* RECORDS PROVIDED *
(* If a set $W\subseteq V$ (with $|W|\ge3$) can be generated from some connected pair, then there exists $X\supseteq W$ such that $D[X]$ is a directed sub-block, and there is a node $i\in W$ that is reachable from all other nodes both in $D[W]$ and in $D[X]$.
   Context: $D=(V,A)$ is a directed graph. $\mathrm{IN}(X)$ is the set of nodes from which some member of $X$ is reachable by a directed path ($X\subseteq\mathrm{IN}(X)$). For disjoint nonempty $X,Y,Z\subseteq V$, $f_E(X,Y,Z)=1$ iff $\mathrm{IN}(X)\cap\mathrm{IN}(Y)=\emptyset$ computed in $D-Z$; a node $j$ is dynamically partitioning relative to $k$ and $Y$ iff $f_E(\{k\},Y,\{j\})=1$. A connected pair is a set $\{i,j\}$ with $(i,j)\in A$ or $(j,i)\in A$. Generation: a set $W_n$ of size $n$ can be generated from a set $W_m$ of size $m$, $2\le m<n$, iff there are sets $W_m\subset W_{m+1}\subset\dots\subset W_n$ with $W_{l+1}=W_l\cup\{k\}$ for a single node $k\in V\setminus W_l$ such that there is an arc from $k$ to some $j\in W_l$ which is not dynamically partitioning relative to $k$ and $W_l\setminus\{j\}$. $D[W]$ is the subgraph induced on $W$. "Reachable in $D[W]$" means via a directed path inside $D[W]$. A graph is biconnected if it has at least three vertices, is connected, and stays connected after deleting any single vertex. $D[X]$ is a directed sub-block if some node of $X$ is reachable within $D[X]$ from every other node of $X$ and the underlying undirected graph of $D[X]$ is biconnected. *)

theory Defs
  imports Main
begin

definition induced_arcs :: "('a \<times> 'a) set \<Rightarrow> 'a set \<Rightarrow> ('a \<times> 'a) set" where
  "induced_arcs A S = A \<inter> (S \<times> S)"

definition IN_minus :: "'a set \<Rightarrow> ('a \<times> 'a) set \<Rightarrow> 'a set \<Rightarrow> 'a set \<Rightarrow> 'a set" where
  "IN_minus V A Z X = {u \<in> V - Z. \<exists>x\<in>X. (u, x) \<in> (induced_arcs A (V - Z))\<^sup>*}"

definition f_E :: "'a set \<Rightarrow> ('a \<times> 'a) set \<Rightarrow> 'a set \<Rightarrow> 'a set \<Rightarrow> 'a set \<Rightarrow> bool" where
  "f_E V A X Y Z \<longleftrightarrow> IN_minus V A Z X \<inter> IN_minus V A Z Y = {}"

...

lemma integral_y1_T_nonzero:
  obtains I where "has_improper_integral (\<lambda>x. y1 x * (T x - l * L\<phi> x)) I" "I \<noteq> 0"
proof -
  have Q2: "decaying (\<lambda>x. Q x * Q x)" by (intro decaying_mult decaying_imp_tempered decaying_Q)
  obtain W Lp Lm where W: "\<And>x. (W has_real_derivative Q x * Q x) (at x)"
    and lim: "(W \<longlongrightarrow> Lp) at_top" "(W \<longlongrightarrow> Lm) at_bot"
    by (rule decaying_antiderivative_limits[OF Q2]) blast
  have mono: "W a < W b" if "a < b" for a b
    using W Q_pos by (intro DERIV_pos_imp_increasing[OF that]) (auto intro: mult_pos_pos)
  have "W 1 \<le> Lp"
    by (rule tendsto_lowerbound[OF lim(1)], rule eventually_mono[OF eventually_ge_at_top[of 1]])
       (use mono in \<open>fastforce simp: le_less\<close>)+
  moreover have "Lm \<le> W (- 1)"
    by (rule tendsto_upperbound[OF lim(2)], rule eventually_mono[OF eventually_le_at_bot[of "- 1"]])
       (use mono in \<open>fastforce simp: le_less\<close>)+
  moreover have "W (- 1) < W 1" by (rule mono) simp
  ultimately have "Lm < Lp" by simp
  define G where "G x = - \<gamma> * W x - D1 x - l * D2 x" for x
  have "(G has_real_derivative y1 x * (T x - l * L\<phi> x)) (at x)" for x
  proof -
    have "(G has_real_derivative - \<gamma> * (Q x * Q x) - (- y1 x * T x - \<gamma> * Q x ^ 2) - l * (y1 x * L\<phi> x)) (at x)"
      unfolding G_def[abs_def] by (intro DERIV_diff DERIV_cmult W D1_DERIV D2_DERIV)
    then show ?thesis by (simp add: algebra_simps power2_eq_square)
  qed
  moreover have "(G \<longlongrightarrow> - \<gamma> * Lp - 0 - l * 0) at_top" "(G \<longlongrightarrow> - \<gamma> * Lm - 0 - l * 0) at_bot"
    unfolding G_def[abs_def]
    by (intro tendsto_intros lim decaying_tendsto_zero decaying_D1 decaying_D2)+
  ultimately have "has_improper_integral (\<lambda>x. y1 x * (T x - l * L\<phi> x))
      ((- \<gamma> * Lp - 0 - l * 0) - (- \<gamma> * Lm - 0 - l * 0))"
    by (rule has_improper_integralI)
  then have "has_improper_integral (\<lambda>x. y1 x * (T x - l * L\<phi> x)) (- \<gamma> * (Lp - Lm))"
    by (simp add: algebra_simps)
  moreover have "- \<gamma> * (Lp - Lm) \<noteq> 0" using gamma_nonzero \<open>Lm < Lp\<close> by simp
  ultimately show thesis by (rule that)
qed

* REQUIREMENT *
Copy each line of the listing that contains "simp".

* OUTPUT FOR THIS TASK *
       (use mono in \<open>fastforce simp: le_less\<close>)+
       (use mono in \<open>fastforce simp: le_less\<close>)+
  moreover have "W (- 1) < W 1" by (rule mono) simp
  ultimately have "Lm < Lp" by simp
    then show ?thesis by (simp add: algebra_simps power2_eq_square)
    by (simp add: algebra_simps)
  moreover have "- \<gamma> * (Lp - Lm) \<noteq> 0" using gamma_nonzero \<open>Lm < Lp\<close> by simp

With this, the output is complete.